# To do
In the entries that follow, which lines hold the string "insert"? List them.

# Data supplied
►
lemma tuner_dissipation_coercive:
  fixes e v :: "'a::real_inner"
  assumes "l > 0" "l * (e \<bullet> e) \<le> q" "\<beta> > 0" "\<gamma> > 0"
  shows "- \<beta> * \<gamma> * q - \<beta>^2 * ((e - v) \<bullet> (e - v)) \<le> - (min (\<beta> * \<gamma> * l) (\<beta>^2) / 3) * (e \<bullet> e + v \<bullet> v)"
proof -
  define c where "c = min (\<beta> * \<gamma> * l) (\<beta>^2) / 3"
  define Z where "Z = (e - v) \<bullet> (e - v)"
  have "0 \<le> c" "3 * c \<le> \<beta> * \<gamma> * l" "3 * c \<le> \<beta>^2" "0 \<le> Z"
    using assms by (simp_all add: c_def Z_def)
  have "(3 * c) * (e \<bullet> e) \<le> (\<beta> * \<gamma> * l) * (e \<bullet> e)"
    using \<open>3 * c \<le> \<beta> * \<gamma> * l\<close> by (rule mult_right_mono) simp
  also have "\<dots> \<le> \<beta> * \<gamma> * q"
    using assms(2-4) mult_left_mono[of "l * (e \<bullet> e)" q "\<beta> * \<gamma>"] by (simp add: mult.assoc)
  finally have "(3 * c) * (e \<bullet> e) \<le> \<beta> * \<gamma> * q" .
  moreover have "(2 * c) * Z \<le> \<beta>^2 * Z"
    using \<open>0 \<le> c\<close> \<open>3 * c \<le> \<beta>^2\<close> \<open>0 \<le> Z\<close> by (intro mult_right_mono) auto
  moreover have "c * (v \<bullet> v) \<le> c * (2 * (e \<bullet> e) + 2 * Z)"
    using inner_diff_self_le[of e "e - v"] \<open>0 \<le> c\<close> by (intro mult_left_mono) (simp_all add: Z_def)
  ultimately show ?thesis
    unfolding c_def[symmetric] Z_def[symmetric] by (simp add: algebra_simps)
qed

locale high_order_tuner =
  fixes \<theta>s :: "real^'n" and \<phi> :: "real \<Rightarrow> real^'n" and tk :: "'m::finite \<Rightarrow> real"
    and \<beta> \<gamma> \<mu> :: real
  assumes \<phi>_piecewise_continuous: "piecewise_continuous \<phi>"
    and samples_full_rank: "rank ((\<chi> i k. \<phi> (tk k) $ i) :: real^'m^'n) = CARD('n)"
    and pos: "\<beta> > 0" "\<gamma> > 0" "\<mu> > 0"
    and \<beta>_ge: "\<beta> \<ge> 2 * \<gamma> / \<mu>"
begin

definition normalizer :: "real \<Rightarrow> real" where
  "normalizer t = 1 + \<mu> * (\<phi> t \<bullet> \<phi> t)"

definition sample :: "'m \<Rightarrow> real^'n" where
  "sample k = \<phi> (tk k)"

definition weight :: "'m \<Rightarrow> real" where
  "weight k = 1 / normalizer (tk k)"

text \<open>\<open>gram_map weight sample (\<theta> - \<theta>s)\<close> is the paper's \<open>B(\<theta>,\<mu>)\<close>, because
  \<open>\<phi>(t\<^sub>k)\<^sup>T\<theta> - y\<^sup>*(t\<^sub>k) = \<phi>(t\<^sub>k) \<bullet> (\<theta> - \<theta>s)\<close>.\<close>

definition vector_field :: "(real^'n) \<times> (real^'n) \<Rightarrow> real \<Rightarrow> (real^'n) \<times> (real^'n)" where
  "vector_field X t =
     ((- \<beta> * normalizer t) *\<^sub>R (fst X - snd X),
      (- \<gamma>) *\<^sub>R ((\<phi> t \<bullet> (fst X - \<theta>s)) *\<^sub>R \<phi> t + normalizer t *\<^sub>R gram_map weight sample (fst X - \<theta>s)))"

definition lyapunov :: "(real^'n) \<times> (real^'n) \<Rightarrow> real" where
  "lyapunov X = \<gamma> * gram_form weight sample (fst X - \<theta>s) + \<beta> / 2 * ((snd X - \<theta>s) \<bullet> (snd X - \<theta>s))
     + \<beta> / 2 * ((fst X - snd X) \<bullet> (fst X - snd X))"

definition lyapunov_derivative :: "(real^'n) \<times> (real^'n) \<Rightarrow> (real^'n) \<times> (real^'n) \<Rightarrow> real" where
  "lyapunov_derivative X h = 2 * \<gamma> * (fst h \<bullet> gram_map weight sample (fst X - \<theta>s))
     + \<beta> * ((snd X - \<theta>s) \<bullet> snd h) + \<beta> * ((fst X - snd X) \<bullet> (fst h - snd h))"

lemma weight_pos: "0 < weight k"
  using pos by (simp add: weight_def normalizer_def add_pos_nonneg)

lemma norm_error_sq: "norm (X - (\<theta>s, \<theta>s))^2 = (fst X - \<theta>s) \<bullet> (fst X - \<theta>s) + (snd X - \<theta>s) \<bullet> (snd X - \<theta>s)"
  by (cases X) (simp add: norm_Pair power2_norm_eq_inner)

lemma has_derivative_lyapunov: "(lyapunov has_derivative lyapunov_derivative X) (at X)"
  unfolding lyapunov_def lyapunov_derivative_def gram_form_def
  by (rule has_derivative_eq_rhs, (rule derivative_eq_intros refl)+)
     (simp add: fun_eq_iff inner_gram_map sum_distrib_left inner_simps inner_commute algebra_simps)

lemma lyapunov_bounds:
  defines "\<Lambda> \<equiv> (\<Sum>k\<in>UNIV. weight k * (sample k \<bullet> sample k))"
  shows "\<beta> / 6 * norm (X - (\<theta>s, \<theta>s))^2 \<le> lyapunov X"
    and "lyapunov X \<le> (\<gamma> * \<Lambda> + 3 * \<beta> / 2) * norm (X - (\<theta>s, \<theta>s))^2"
proof -
  have "0 \<le> weight k" for k
    using weight_pos by (rule less_imp_le)
  then have "0 \<le> \<Lambda>" "0 \<le> gram_form weight sample e" "gram_form weight sample e \<le> \<Lambda> * (e \<bullet> e)" for e
    unfolding \<Lambda>_def by (simp_all add: sum_nonneg gram_form_nonneg gram_form_le)
  note bounds = tuner_lyapunov_bounds[OF this(2) this(3) pos(1,2) this(1),
      where e = "fst X - \<theta>s" and v = "snd X - \<theta>s"]
  have "lyapunov X = \<gamma> * gram_form weight sample (fst X - \<theta>s) + \<beta> / 2 * ((snd X - \<theta>s) \<bullet> (snd X - \<theta>s))
     + \<beta> / 2 * (((fst X - \<theta>s) - (snd X - \<theta>s)) \<bullet> ((fst X - \<theta>s) - (snd X - \<theta>s)))"
    by (simp add: lyapunov_def)
  with bounds show "\<beta> / 6 * norm (X - (\<theta>s, \<theta>s))^2 \<le> lyapunov X"
    and "lyapunov X \<le> (\<gamma> * \<Lambda> + 3 * \<beta> / 2) * norm (X - (\<theta>s, \<theta>s))^2"
    by (simp_all only: norm_error_sq)
qed

lemma lyapunov_derivative_vector_field_le:
  obtains c where "c > 0" and "\<And>X t. lyapunov_derivative X (vector_field X t) \<le> - c * norm (X - (\<theta>s, \<theta>s))^2"
proof -
  have spanning: "e = 0" if "\<And>k. sample k \<bullet> e = 0" for e
    by (rule orthogonal_full_rank_columns_eq_0[of sample, OF _ that]) (simp add: sample_def samples_full_rank)
  obtain l where l: "l > 0" "\<And>e. l * (e \<bullet> e) \<le> gram_form weight sample e"
    using gram_form_coercive[of sample weight, OF spanning weight_pos] by auto
  have bg: "2 * \<gamma> \<le> \<beta> * \<mu>"
    using \<beta>_ge pos by (simp add: pos_divide_le_eq mult.commute)
  have "lyapunov_derivative X (vector_field X t) \<le> - (min (\<beta> * \<gamma> * l) (\<beta>^2) / 3) * norm (X - (\<theta>s, \<theta>s))^2"
    for X t
  proof -
    define e where "e = fst X - \<theta>s"
    define v where "v = snd X - \<theta>s"
    have "0 \<le> e \<bullet> gram_map weight sample e"
      using weight_pos by (simp add: inner_gram_map_self gram_form_nonneg less_imp_le)
    note dissipation = tuner_dissipation[OF pos(3,1,2) bg this, of "\<phi> t" v]
    have "fst X - snd X = e - v"
      by (simp add: e_def v_def)
    then have "lyapunov_derivative X (vector_field X t)
        \<le> - \<beta> * \<gamma> * gram_form weight sample e - \<beta>^2 * ((e - v) \<bullet> (e - v))"
      using dissipation
      by (simp add: lyapunov_derivative_def vector_field_def normalizer_def inner_gram_map_self
          flip: e_def v_def)
    also have "\<dots> \<le> - (min (\<beta> * \<gamma> * l) (\<beta>^2) / 3) * (e \<bullet> e + v \<bullet> v)"
      using l pos by (intro tuner_dissipation_coercive) auto
    finally show ?thesis
      by (simp add: norm_error_sq e_def v_def)
  qed
  moreover have "min (\<beta> * \<gamma> * l) (\<beta>^2) / 3 > 0"
    using l pos by simp
  ultimately show thesis
    using that by blast
qed
lemma triangle_without_cycle_colour_old:
  assumes "S \<in> triangle_sets c' (2 * n)" "k + 1 \<notin> S"
  shows "S \<in> triangle_sets c n"
proof -
  obtain x y z where xyz: "x < 2 * n" "y < 2 * n" "z < 2 * n" "x \<noteq> y" "y \<noteq> z" "x \<noteq> z"
    and S: "S = {c' x y, c' y z, c' x z}" "card S = 3"
    using assms(1) unfolding triangle_sets_def by blast
  have no_adj: "\<not> cyc_adj (2 * n) x y" "\<not> cyc_adj (2 * n) y z" "\<not> cyc_adj (2 * n) x z"
    using blow_up_eq_k1_iff[of x y] blow_up_eq_k1_iff[of y z] blow_up_eq_k1_iff[of x z]
      xyz assms(2) S(1) by auto
  then have "S = {c (x div 2) (y div 2), c (y div 2) (z div 2), c (x div 2) (z div 2)}"
    using S(1) blow_up_not_adj by simp
  moreover have "x div 2 \<noteq> y div 2" "y div 2 \<noteq> z div 2" "x div 2 \<noteq> z div 2"
    using fibres_differ no_adj xyz by auto
  moreover have "x div 2 < n" "y div 2 < n" "z div 2 < n" using xyz by auto
  ultimately show ?thesis
    using triangle_setsI[of "x div 2" n "y div 2" "z div 2" c] xyz S(2) by auto
qed

lemma triangle_sets_blow_up: "triangle_sets c' (2 * n) = triangle_sets c n \<union> new_sets"
proof
  show "triangle_sets c' (2 * n) \<subseteq> triangle_sets c n \<union> new_sets"
    using triangle_with_cycle_colour_in_new_sets triangle_without_cycle_colour_old by blast
  show "triangle_sets c n \<union> new_sets \<subseteq> triangle_sets c' (2 * n)"
    using triangle_sets_subset_blow_up recolour_k_in_blow_up distance_two_triangle_in_blow_up
    unfolding new_sets_def by blast
qed

lemma old_sets_avoid_k1: "S \<in> triangle_sets c n \<Longrightarrow> k + 1 \<notin> S"
  using triangle_sets_subset_Pow[OF colouring] by fastforce

lemma finite_triangle_sets: "finite (triangle_sets c n)"
  using triangle_sets_subset_Pow[OF colouring] by (rule finite_subset) simp

lemma k1_in_new_sets: "S \<in> new_sets \<Longrightarrow> k + 1 \<in> S"
  unfolding new_sets_def recolour_k_def by auto

lemma sets_with_k1_blow_up: "{S \<in> triangle_sets c' (2 * n). k + 1 \<in> S} = new_sets"
  unfolding triangle_sets_blow_up using k1_in_new_sets old_sets_avoid_k1 by blast

lemma card_new_sets: "card new_sets = card {S \<in> triangle_sets c n. k \<in> S} + 1"
proof -
  let ?T = "{S \<in> triangle_sets c n. k \<in> S}"
  have recover: "insert k (recolour_k S - {k + 1}) = S" if "S \<in> ?T" for S
    using that old_sets_avoid_k1 unfolding recolour_k_def by auto
  have "inj_on recolour_k ?T"
    by (rule inj_on_inverseI[where g = "\<lambda>S. insert k (S - {k + 1})"]) (rule recover)
  moreover have "{k + 1, k, col} \<notin> recolour_k ` ?T"
  proof
    assume "{k + 1, k, col} \<in> recolour_k ` ?T"
    then obtain S where "{k + 1, k, col} = recolour_k S" by blast
    then have "k \<in> recolour_k S" by blast
    then show False unfolding recolour_k_def by simp
  qed
  moreover have "finite ?T" using finite_triangle_sets by simp
  ultimately show ?thesis unfolding new_sets_def by (simp add: card_image)
qed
◄
# Response to the exercise
  have recover: "insert k (recolour_k S - {k + 1}) = S" if "S \<in> ?T" for S
    by (rule inj_on_inverseI[where g = "\<lambda>S. insert k (S - {k + 1})"]) (rule recover)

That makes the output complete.